Max could feel it - the pull to the young man in front of him. This was why he’d been waking up. The third child from his memories. “It’s you! Do you remember us?” Max stopped the tricycle, hopping off the seat. Isobel stepped down off the back wheel bars reluctantly, eyeing the boy suspiciously. He was barefooted and dirty - his clothes worn in comparison to the nice clothing the Evans kept Max and Isobel supplied with. When he didn’t respond, Max pressed on. “I’m Max, and this is my sister Isobel. I don’t remember your name, but I remember us being together in the green place-”
“I don’t remember you.” The boy cut him off, keeping the knife trained on them.
“You’re fibbing.” Isobel accused. “I can tell.”
“Isobel.” Max lectured.
“What? You honestly don’t believe a word of it either.”
“Why don’t you tell your Church Bell to shut her sauce-box?” The boy snapped at Max.
“Why don’t you try and make me you pigeon-livered-” Isobel began.
“Hey, hey, c’mon.” Max kept himself between them. “Look, what’s your name?”
“What’s it matter to you?” The boy replied. “You're clearly living the high life. What’s some guttersnipe off the orphan train matter to you?”
Max couldn’t help but feel hurt at his words. He remembered waking up in the caves - somewhere green and damp. The three of them had survived for a time alone in the woods until they’d gotten too close to town. Then they’d been taken to the Orphanage. He hadn’t liked it - it had been crowded and noisy and dirty. Then the Evans had come to take him and Isobel away with them. He’d never known what happened to the other boy until now. Couldn’t have imagined that someone hadn’t taken him in - but apparently they hadn’t. He’d heard of the orphan trains - kids brought out to be auctioned off to the farms and ranches for work. “But… you’re like us. I know you can feel it.”
“I don’t need you. I don’t need anyone.”
Isobel huffed. “Bully for you. We’ll just go then.” She stormed back to stand next to the tricycle.
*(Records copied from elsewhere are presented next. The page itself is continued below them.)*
(* Let $G=(\mathcal{X},\mathcal{E})$ be a (simple, undirected) graph on a finite vertex set and $P$ a pmf on $\mathcal{X}$. Then $I_2(G,P)\le H_2(G,P)$.
   Context: $\log$ is base 2. $I_2(G,P):=-\log\sum_{(x,x')\in\mathcal{X}^2:\,\{x,x'\}\notin\mathcal{E}}P(x)P(x')$ (pairs with $x=x'$ are included, since singletons are never edges). Let $\mathcal{Y}\subseteq2^{\mathcal{X}}$ be the set of maximal independent sets of $G$, and let $\Delta(G,P)$ be the set of pmfs $P(x,y)$ on $\mathcal{X}\times\mathcal{Y}$ whose $\mathcal{X}$-marginal is $P$ and with $\sum_{(x,y):x\in y}P(x,y)=1$; write $P(y)$ for the $\mathcal{Y}$-marginal. Define $H_2(G,P):=\min_{P(x,y)\in\Delta(G,P)}\Big(-\log\sum_{(x,y):x\in y}P(x)P(y)\Big)$. *)

theory Defs
  imports "HOL-Analysis.Analysis"
begin

definition simple_graph :: "'a set \<Rightarrow> 'a set set \<Rightarrow> bool" where
  "simple_graph X E \<longleftrightarrow> finite X \<and> (\<forall>e\<in>E. e \<subseteq> X \<and> card e = 2)"

definition is_pmf_on :: "'a set \<Rightarrow> ('a \<Rightarrow> real) \<Rightarrow> bool" where
  "is_pmf_on X P \<longleftrightarrow> (\<forall>x\<in>X. 0 \<le> P x) \<and> (\<Sum>x\<in>X. P x) = 1"

definition independent_set :: "'a set set \<Rightarrow> 'a set \<Rightarrow> bool" where
  "independent_set E S \<longleftrightarrow> (\<forall>x\<in>S. \<forall>x'\<in>S. {x, x'} \<notin> E)"

definition max_indep_sets :: "'a set \<Rightarrow> 'a set set \<Rightarrow> 'a set set" where
  "max_indep_sets X E = {S. S \<subseteq> X \<and> independent_set E S \<and>
      (\<forall>T. S \<subset> T \<and> T \<subseteq> X \<longrightarrow> \<not> independent_set E T)}"

definition I2 :: "'a set \<Rightarrow> 'a set set \<Rightarrow> ('a \<Rightarrow> real) \<Rightarrow> real" where
  "I2 X E P = - log 2 (\<Sum>x\<in>X. \<Sum>x'\<in>X. if {x, x'} \<notin> E then P x * P x' else 0)"

definition Delta :: "'a set \<Rightarrow> 'a set set \<Rightarrow> ('a \<Rightarrow> real) \<Rightarrow> ('a \<Rightarrow> 'a set \<Rightarrow> real) set" where
  "Delta X E P = {Q. (\<forall>x\<in>X. \<forall>y\<in>max_indep_sets X E. 0 \<le> Q x y)
      \<and> (\<Sum>x\<in>X. \<Sum>y\<in>max_indep_sets X E. Q x y) = 1
      \<and> (\<forall>x\<in>X. (\<Sum>y\<in>max_indep_sets X E. Q x y) = P x)
      \<and> (\<Sum>x\<in>X. \<Sum>y\<in>max_indep_sets X E. if x \<in> y then Q x y else 0) = 1}"

definition Y_marginal :: "'a set \<Rightarrow> ('a \<Rightarrow> 'a set \<Rightarrow> real) \<Rightarrow> 'a set \<Rightarrow> real" where
  "Y_marginal X Q y = (\<Sum>x\<in>X. Q x y)"

text \<open>The minimum is taken as the infimum over Delta (it is attained).\<close>
definition H2 :: "'a set \<Rightarrow> 'a set set \<Rightarrow> ('a \<Rightarrow> real) \<Rightarrow> real" where
  "H2 X E P = Inf ((\<lambda>Q. - log 2 (\<Sum>x\<in>X. \<Sum>y\<in>max_indep_sets X E.
        if x \<in> y then P x * Y_marginal X Q y else 0)) ` Delta X E P)"

end

theory Submission
  imports Defs
begin

text \<open>Draw \<open>(X', Y)\<close> from \<open>Q \<in> \<Delta>(G, P)\<close> and, independently, \<open>X\<close> from \<open>P\<close>. Then
  \<open>X' \<in> Y\<close> almost surely, so on the event \<open>X \<in> Y\<close> both \<open>X\<close> and \<open>X'\<close> lie in the independent
  set \<open>Y\<close> and are non-adjacent. Since \<open>X\<close> and \<open>X'\<close> are independent with law \<open>P\<close>, this gives
  \<open>Pr[X \<in> Y] \<le> Pr[{X, X'} \<notin> E]\<close>, which is the claim after taking \<open>-log\<close>; the left-hand
  probability is positive, so the logarithms are finite.\<close>

definition nonadjacent_prob :: "'a set \<Rightarrow> 'a set set \<Rightarrow> ('a \<Rightarrow> real) \<Rightarrow> real" where
  "nonadjacent_prob X E P = (\<Sum>x\<in>X. \<Sum>x'\<in>X. if {x, x'} \<notin> E then P x * P x' else 0)"

definition membership_prob ::
    "'a set \<Rightarrow> 'a set set \<Rightarrow> ('a \<Rightarrow> real) \<Rightarrow> ('a \<Rightarrow> 'a set \<Rightarrow> real) \<Rightarrow> real" where
  "membership_prob X E P Q =
     (\<Sum>x\<in>X. \<Sum>y\<in>max_indep_sets X E. if x \<in> y then P x * Y_marginal X Q y else 0)"

lemma I2_eq: "I2 X E P = - log 2 (nonadjacent_prob X E P)"
  by (simp add: I2_def nonadjacent_prob_def)

lemma H2_eq: "H2 X E P = Inf ((\<lambda>Q. - log 2 (membership_prob X E P Q)) ` Delta X E P)"
  by (simp add: H2_def membership_prob_def)

lemma finite_max_indep_sets: "finite X \<Longrightarrow> finite (max_indep_sets X E)"
  by (rule finite_subset[of _ "Pow X"]) (auto simp: max_indep_sets_def)

lemma independent_set_extends_to_maximal:
  assumes "finite X" "S \<subseteq> X" "independent_set E S"
  obtains T where "T \<in> max_indep_sets X E" "S \<subseteq> T"
proof -
  let ?F = "{T. T \<subseteq> X \<and> independent_set E T}"
  have "finite ?F"
    by (rule finite_subset[of _ "Pow X"]) (use assms(1) in auto)
  moreover have "S \<in> ?F" using assms by blast
  ultimately obtain T where T: "T \<in> ?F" "S \<subseteq> T" and T_max: "\<forall>T'\<in>?F. T \<subseteq> T' \<longrightarrow> T = T'"
    by (metis (no_types, lifting) finite_has_maximal2)
  have "T \<in> max_indep_sets X E"
    using T T_max unfolding max_indep_sets_def by blast
  then show thesis using T(2) by (rule that)
qed

lemma singleton_independent_set:
  assumes "simple_graph X E"
  shows "independent_set E {x}"
proof -
  have "card {x, x} \<noteq> 2" by simp
  with assms show ?thesis by (auto simp: simple_graph_def independent_set_def)
qed

lemma ex_max_indep_set_containing:
  assumes "simple_graph X E" "x \<in> X"
  obtains y where "y \<in> max_indep_sets X E" "x \<in> y"
proof -
  have "finite X" using assms(1) by (simp add: simple_graph_def)
  with assms(2) singleton_independent_set[OF assms(1)]
  obtain y where "y \<in> max_indep_sets X E" "{x} \<subseteq> y"
    by (metis empty_subsetI insert_subset independent_set_extends_to_maximal)
  then show thesis by (intro that) auto
qed

lemma Delta_nonempty:
  assumes "simple_graph X E" "is_pmf_on X P"
  shows "Delta X E P \<noteq> {}"
proof -
  let ?Y = "max_indep_sets X E"
  define f where "f x = (SOME y. y \<in> ?Y \<and> x \<in> y)" for x
  have f: "f x \<in> ?Y \<and> x \<in> f x" if "x \<in> X" for x
    unfolding f_def by (rule someI_ex) (meson ex_max_indep_set_containing[OF assms(1) that])
  define Q where "Q x y = (if y = f x then P x else 0)" for x y
  have fin: "finite ?Y"
    using assms(1) by (simp add: simple_graph_def finite_max_indep_sets)
  have row: "(\<Sum>y\<in>?Y. Q x y) = P x" if "x \<in> X" for x
    using f[OF that] fin by (simp add: Q_def)
  have row_in: "(\<Sum>y\<in>?Y. if x \<in> y then Q x y else 0) = P x" if "x \<in> X" for x
  proof -
    have "(\<Sum>y\<in>?Y. if x \<in> y then Q x y else 0) = (\<Sum>y\<in>?Y. Q x y)"
      using f[OF that] by (intro sum.cong) (auto simp: Q_def)
    with row[OF that] show ?thesis by simp
  qed
  have "Q \<in> Delta X E P"
    using assms(2) row row_in by (simp add: Delta_def Q_def is_pmf_on_def)
  then show ?thesis by blast
qed

lemma Delta_vanishes_off_membership:
  assumes "finite X" "Q \<in> Delta X E P" "x \<in> X" "y \<in> max_indep_sets X E" "x \<notin> y"
  shows "Q x y = 0"
proof -
  let ?Y = "max_indep_sets X E"
  define R where "R p = (if fst p \<in> snd p then 0 else Q (fst p) (snd p))" for p
  have fin: "finite (X \<times> ?Y)"
    using assms(1) by (simp add: finite_max_indep_sets)
  have Q_nonneg: "\<forall>x\<in>X. \<forall>y\<in>?Y. 0 \<le> Q x y"
    and total: "(\<Sum>x\<in>X. \<Sum>y\<in>?Y. Q x y) = 1"
    and on_membership: "(\<Sum>x\<in>X. \<Sum>y\<in>?Y. if x \<in> y then Q x y else 0) = 1"
    using assms(2) unfolding Delta_def by blast+
  have "(\<Sum>p\<in>X \<times> ?Y. R p) =
      (\<Sum>x\<in>X. \<Sum>y\<in>?Y. Q x y - (if x \<in> y then Q x y else 0))"
    unfolding sum.cartesian_product by (intro sum.cong refl) (auto simp: R_def)
  also have "\<dots> = 0"
    by (simp only: sum_subtractf total on_membership diff_self)
  finally have "(\<Sum>p\<in>X \<times> ?Y. R p) = 0" .
  moreover have "0 \<le> R p" if "p \<in> X \<times> ?Y" for p
    using Q_nonneg that by (auto simp: R_def)
  ultimately have "\<forall>p \<in> X \<times> ?Y. R p = 0"
    using sum_nonneg_eq_0_iff[OF fin] by metis
  then have "R (x, y) = 0"
    using assms(3,4) by simp
  with assms(5) show ?thesis by (simp add: R_def)
qed

lemma Delta_marginal_nonneg:
  assumes "Q \<in> Delta X E P" "x \<in> X"
  shows "0 \<le> P x"
proof -
  have "0 \<le> (\<Sum>y\<in>max_indep_sets X E. Q x y)"
    using assms unfolding Delta_def by (blast intro: sum_nonneg)
  moreover have "(\<Sum>y\<in>max_indep_sets X E. Q x y) = P x"
    using assms unfolding Delta_def by blast
  ultimately show ?thesis by simp
qed

lemma membership_prob_le_nonadjacent_prob:
  assumes fin: "finite X" and Q: "Q \<in> Delta X E P"
  shows "membership_prob X E P Q \<le> nonadjacent_prob X E P"
proof -
  let ?Y = "max_indep_sets X E"
  have Q_nonneg: "0 \<le> Q x y" if "x \<in> X" "y \<in> ?Y" for x y
    using Q that unfolding Delta_def by blast
  have Q_row: "(\<Sum>y\<in>?Y. Q x y) = P x" if "x \<in> X" for x
    using Q that unfolding Delta_def by blast
  have P_nonneg: "0 \<le> P x" if "x \<in> X" for x
    using Q that by (rule Delta_marginal_nonneg)
  have "membership_prob X E P Q =
      (\<Sum>x\<in>X. \<Sum>y\<in>?Y. \<Sum>x'\<in>X. if x \<in> y \<and> x' \<in> y then P x * Q x' y else 0)"
    unfolding membership_prob_def Y_marginal_def
  proof (intro sum.cong refl)
    fix x y assume "y \<in> ?Y"
    then have "(\<Sum>x'\<in>X. if x \<in> y \<and> x' \<in> y then P x * Q x' y else 0)
        = (\<Sum>x'\<in>X. if x \<in> y then P x * Q x' y else 0)"
      by (intro sum.cong) (auto simp: Delta_vanishes_off_membership[OF fin Q])
    then show "(if x \<in> y then P x * (\<Sum>x'\<in>X. Q x' y) else 0) =
        (\<Sum>x'\<in>X. if x \<in> y \<and> x' \<in> y then P x * Q x' y else 0)"
      by (simp add: sum_distrib_left)
  qed
  also have "\<dots> \<le> (\<Sum>x\<in>X. \<Sum>y\<in>?Y. \<Sum>x'\<in>X.
      if {x, x'} \<notin> E \<and> x' \<in> y then P x * Q x' y else 0)"
  proof (intro sum_mono)
    fix x y x' assume "x \<in> X" "y \<in> ?Y" "x' \<in> X"
    moreover from \<open>y \<in> ?Y\<close> have "x \<in> y \<Longrightarrow> x' \<in> y \<Longrightarrow> {x, x'} \<notin> E"
      by (auto simp: max_indep_sets_def independent_set_def)
    ultimately show "(if x \<in> y \<and> x' \<in> y then P x * Q x' y else 0)
        \<le> (if {x, x'} \<notin> E \<and> x' \<in> y then P x * Q x' y else 0)"
      using P_nonneg Q_nonneg by auto
  qed
  also have "\<dots> = (\<Sum>x\<in>X. \<Sum>x'\<in>X. \<Sum>y\<in>?Y.
      if {x, x'} \<notin> E \<and> x' \<in> y then P x * Q x' y else 0)"
    by (intro sum.cong refl sum.swap)
  also have "\<dots> = (\<Sum>x\<in>X. \<Sum>x'\<in>X.
      if {x, x'} \<notin> E then P x * (\<Sum>y\<in>?Y. if x' \<in> y then Q x' y else 0) else 0)"
    by (intro sum.cong refl) (simp add: sum_distrib_left if_distrib cong: if_cong)
  also have "\<dots> \<le> nonadjacent_prob X E P"
    unfolding nonadjacent_prob_def
  proof (intro sum_mono)
    fix x x' assume "x \<in> X" "x' \<in> X"
    have "(\<Sum>y\<in>?Y. if x' \<in> y then Q x' y else 0) \<le> P x'"
      unfolding Q_row[OF \<open>x' \<in> X\<close>, symmetric]
      by (intro sum_mono) (use Q_nonneg \<open>x' \<in> X\<close> in auto)
    then show "(if {x, x'} \<notin> E then P x * (\<Sum>y\<in>?Y. if x' \<in> y then Q x' y else 0) else 0)
        \<le> (if {x, x'} \<notin> E then P x * P x' else 0)"
      using P_nonneg[OF \<open>x \<in> X\<close>] by (simp add: mult_left_mono)
  qed
  finally show ?thesis .
qed

lemma membership_prob_pos:
  assumes fin: "finite X" and Q: "Q \<in> Delta X E P"
  shows "0 < membership_prob X E P Q"
proof -
  let ?Y = "max_indep_sets X E"
  have finY: "finite ?Y"
    using fin by (rule finite_max_indep_sets)
  have Q_nonneg: "0 \<le> Q x y" if "x \<in> X" "y \<in> ?Y" for x y
    using Q that unfolding Delta_def by blast
  have Q_row: "(\<Sum>y\<in>?Y. Q x y) = P x" if "x \<in> X" for x
    using Q that unfolding Delta_def by blast
  have on_membership: "(\<Sum>x\<in>X. \<Sum>y\<in>?Y. if x \<in> y then Q x y else 0) = 1"
    using Q unfolding Delta_def by blast
  have "\<exists>x\<in>X. \<exists>y\<in>?Y. x \<in> y \<and> 0 < Q x y"
  proof (rule ccontr)
    assume "\<not> ?thesis"
    then have "(\<Sum>x\<in>X. \<Sum>y\<in>?Y. if x \<in> y then Q x y else 0) \<le> 0"
      by (intro sum_nonpos) (auto simp: not_less)
    with on_membership show False by simp
  qed
  then obtain x y where xy: "x \<in> X" "y \<in> ?Y" "x \<in> y" and pos: "0 < Q x y"
    by blast
  have "Q x y \<le> P x"
    unfolding Q_row[OF xy(1), symmetric]
    using finY xy Q_nonneg by (intro member_le_sum) auto
  moreover have "Q x y \<le> Y_marginal X Q y"
    unfolding Y_marginal_def using fin xy Q_nonneg by (intro member_le_sum) auto
  ultimately have term_pos: "0 < P x * Y_marginal X Q y"
    using pos by simp
  have term_nonneg: "0 \<le> P x' * Y_marginal X Q y'" if "x' \<in> X" "y' \<in> ?Y" for x' y'
    using that Q_nonneg Delta_marginal_nonneg[OF Q]
    by (auto simp: Y_marginal_def intro!: mult_nonneg_nonneg sum_nonneg)
  show ?thesis
    unfolding membership_prob_def
  proof (rule sum_pos2[OF fin xy(1)])
    show "0 < (\<Sum>y\<in>?Y. if x \<in> y then P x * Y_marginal X Q y else 0)"
      using term_pos term_nonneg xy by (intro sum_pos2[OF finY xy(2)]) auto
    show "0 \<le> (\<Sum>y\<in>?Y. if x' \<in> y then P x' * Y_marginal X Q y else 0)" if "x' \<in> X" for x'
      using term_nonneg that by (intro sum_nonneg) auto
  qed
qed

theorem proposition4:
  fixes X :: "'a set" and E :: "'a set set" and P :: "'a \<Rightarrow> real"
  assumes "simple_graph X E" and "is_pmf_on X P"
  shows "I2 X E P \<le> H2 X E P"
proof -
  have fin: "finite X"
    using assms(1) by (simp add: simple_graph_def)
  have "I2 X E P \<le> - log 2 (membership_prob X E P Q)" if Q: "Q \<in> Delta X E P" for Q
    using membership_prob_pos[OF fin Q] membership_prob_le_nonadjacent_prob[OF fin Q]
    by (simp add: I2_eq)
  then show ?thesis
    unfolding H2_eq using Delta_nonempty[OF assms] by (intro cInf_greatest) auto
qed

end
“Will you at least tell me your name?” Max tried one last time.
“... it’s Michael.”
Max hesitated, before pulling out a small bag from his pocket. “I have some gum drops-”
“I don’t need anything.”
“I’ll just leave them here, and you can take them or not…” He set them on the fence post, before going back to the tricycle where Isobel was pretending to not watch the exchange. Michael didn’t say anything more as he turned the tricycle around and head back up the road.
“Waste of good gumdrops, bet he doesn’t even take them.” Isobel huffed once they were far enough away to be out of earshot.
“I’m coming out again next week.” Max told her. “You can come or not.”
“Don’t be daft, of course, I’m coming.”
Max felt something settle in him at her words. Because somehow he knew this was right. Three of them. There had always been meant to be three of them.